Dutch companies facing financial distress thus far had two options: either to file for bankruptcy (liquidation) or to come to a voluntary restructuring with all their creditors. In practise, companies, shareholders and creditors have a strong aversion to the Dutch bankruptcy procedure. The law is outdated and  amounts to a near certain liquidation, with commensurately low recovery expectations. The near certain liquidation is because there are no provisions for a restructuring of the capital structure of a firm. While bankruptcy/liquidation is acceptable for businesses in economic and financial distress, it is highly undesirable if it happens to businesses in financial distress but with certifiable economic prospects. In such cases the difference between the expected liquidation value and reorganisation value can be substantially in favour of an orderly restructuring.

In most cases, creditors expect higher recovery values in reorganisation than in liquidation. From a stake-holder point of view, bankruptcy has far-reaching social and economic consequences, as the firm may halt operations. It leads to unnecessary job losses, credit losses, loss of technology and know-how. The Dutch bankruptcy law was due for an overhaul.


Now, lawmakers have prepared a corporate restructuring law, the WHOA (Wet Homologatie Onderhands Akkoord). WHOA is described by some as a faster, more flexible and cost-efficient version of the famous US Chapter 11 and the UK’s Scheme of Arrangements.

The WHOA procedure can be started by the company management, shareholders or any creditor when the company is expected to be insolvent in the future. If prepared properly, the entire procedure can be finished in 3-5 weeks and the board remains in control. Essential to the WHOA is the restructuring expert, who is appointed by the court and eventually decides on the new capital structure. Creditor classes vote by majority to approve a restructuring plan. Other key elements are that:

  • Every creditor must receive at least the same value as he would receive in liquidation
  • Creditors which are essential to the company (e.g. suppliers) can be paid in full
  • The judge’s ruling is final, no appeal possible
  • The procedure can either be public or not
  • The board can be granted shares as motivation for running the business
  • Specific protection for small creditors


In a much cited paper, Bris, Welch and Zhu (2006) show exactly how important a procedure like the WHOA is. When analysing recovery rates in U.S. Chapter 11, they find that secured creditors have a recovery rate between 32%-51% in liquidation and a much higher 72% on average in a restructuring procedure. For unsecured creditors this difference is even larger:  5% versus 52% respectively. Other research shows similar results.

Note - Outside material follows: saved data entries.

lemma perm_matrix_compose_transpose_diff:
  assumes "perm_matrix x i j \<noteq> perm_matrix (x \<circ> Transposition.transpose a b) i j"
  shows "i \<in> {a, b} \<and> j \<in> {x a, x b}"
  using assms by (auto simp: perm_matrix_def Transposition.transpose_def split: if_splits)

definition swap_weight :: "real \<Rightarrow> (nat \<Rightarrow> nat \<Rightarrow> real) \<Rightarrow> (nat \<Rightarrow> nat) \<Rightarrow> nat \<Rightarrow> nat \<Rightarrow> real" where
  "swap_weight r P x a b = (P a (x a) + P b (x b)) / r + r * (P a (x b) + P b (x a))"

lemma swap_weight_nonneg: "0 < r \<Longrightarrow> (\<And>i j. 0 \<le> P i j) \<Longrightarrow> 0 \<le> swap_weight r P x a b"
  by (simp add: swap_weight_def)

lemma Re_qinner_drop_le_swap_weight:
  assumes V: "unitary_on (qbasis n W) V" and x: "x permutes {..<n}"
    and ab: "a < n" "b < n" and r: "0 < r"
  defines "y \<equiv> x \<circ> Transposition.transpose a b"
  shows "Re (qinner n W \<psi> \<phi>)
       - Re (qinner n W (apply_op (qbasis n W) V (query_gate n W (perm_matrix x) \<psi>))
                        (apply_op (qbasis n W) V (query_gate n W (perm_matrix y) \<phi>)))
     \<le> swap_weight r (query_mass W \<psi>) x a b + swap_weight r (query_mass W \<phi>) y a b"
    (is "?L \<le> ?R")
proof (cases "a = b")
  case True
  then have "?L = 0" by (simp add: y_def qinner_apply_op[OF V] qinner_query_gate)
  then show ?thesis using r by (simp add: swap_weight_nonneg query_mass_nonneg)
next
  case False
  define s where "s i j = (if x i = j then 1 / r else r)" for i j
  define g where "g i j = s i j * query_mass W \<psi> i j + query_mass W \<phi> i j / s i j" for i j
  have s_pos: "0 < s i j" for i j using r by (simp add: s_def)
  have g_nonneg: "0 \<le> g i j" for i j using s_pos[of i j] by (simp add: g_def query_mass_nonneg)
  have xab: "x a \<noteq> x b" using False permutes_inj[OF x] by (auto dest: injD)
  have xab_lt: "x a < n" "x b < n" using permutes_in_image[OF x] ab by auto
  let ?Q = "\<lambda>\<pi> \<chi>. query_gate n W (perm_matrix \<pi>) \<chi>"
  let ?f = "\<lambda>(i,j). if perm_matrix x i j = perm_matrix y i j then 0 else g i j"
  have outside: "?f (i,j) = 0" if "(i,j) \<notin> {a,b} \<times> {x a, x b}" for i j
    using that perm_matrix_compose_transpose_diff[of x i j a b] by (auto simp: y_def)
  have "?L = Re (qinner n W \<psi> \<phi> - qinner n W (?Q x \<psi>) (?Q y \<phi>))"
    by (simp add: qinner_apply_op[OF V])
  also have "\<dots> \<le> cmod (qinner n W (?Q x \<psi>) (?Q y \<phi>) - qinner n W \<psi> \<phi>)"
    by (metis complex_Re_le_cmod norm_minus_commute)
  also have "\<dots> \<le> (\<Sum>i<n. \<Sum>j<n. ?f (i,j))"
    unfolding g_def by (simp add: norm_qinner_query_gate_diff_le[OF s_pos])
  also have "\<dots> = (\<Sum>(i,j)\<in>{a,b} \<times> {x a, x b}. ?f (i,j))"
    unfolding sum.cartesian_product using ab xab_lt outside
    by (intro sum.mono_neutral_right) fastforce+
  also have "\<dots> \<le> (\<Sum>(i,j)\<in>{a,b} \<times> {x a, x b}. g i j)"
    using g_nonneg by (intro sum_mono) auto
  also have "\<dots> = ?R"
    using False xab r
    by (simp add: sum.cartesian_product[symmetric] g_def s_def swap_weight_def y_def field_simps)
  finally show ?thesis .
qed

Differences between the US and The Netherlands can be substantial. But we will venture to estimate the expected effect of WHOA on Dutch creditor recovery rates anyway. Couwenberg and de Jong (2007) have performed a study on the effects of the Dutch insolvency law. They find that both secured and unsecured creditors have a higher recovery rate (80% and 22% respectively) in the Netherlands. While this does show that the Dutch insolvency law works rather well, we expect the WHOA to improve recovery rates especially for unsecured creditors, as shown in the graphs below. By definition, secured creditors need to improve recoveries under the WHOA regime. But the real beneficiaries will be other stakeholders: employees, customers, supplier and unsecured creditors. We believe the latter could improve recovery rates to numbers similar to under U.S. Chapter 11 (or around 50%).


The government has financially supported businesses throughout the first months of the COVID-19 pandemic. This support would benefit enormously from the new WHOA. Unfortunately, lawmakers could not finalise its approval process in parliament prior to the summer recess. The law is now expected to come into force no earlier than October 2020. That may be too late for many Covid-19 stricken businesses. Insolvency lawyers have shown their frustration in a unique open letter to lawmakers (in Dutch) and pointed to the billions of Euros of business value and thousands of jobs at stake, particularly now.  The bill for this delay now falls to shareholders, entrepreneurs, small business owners, creditors and ultimately, the tax payer who will foot the COVID-19 related business support bills. What a shame.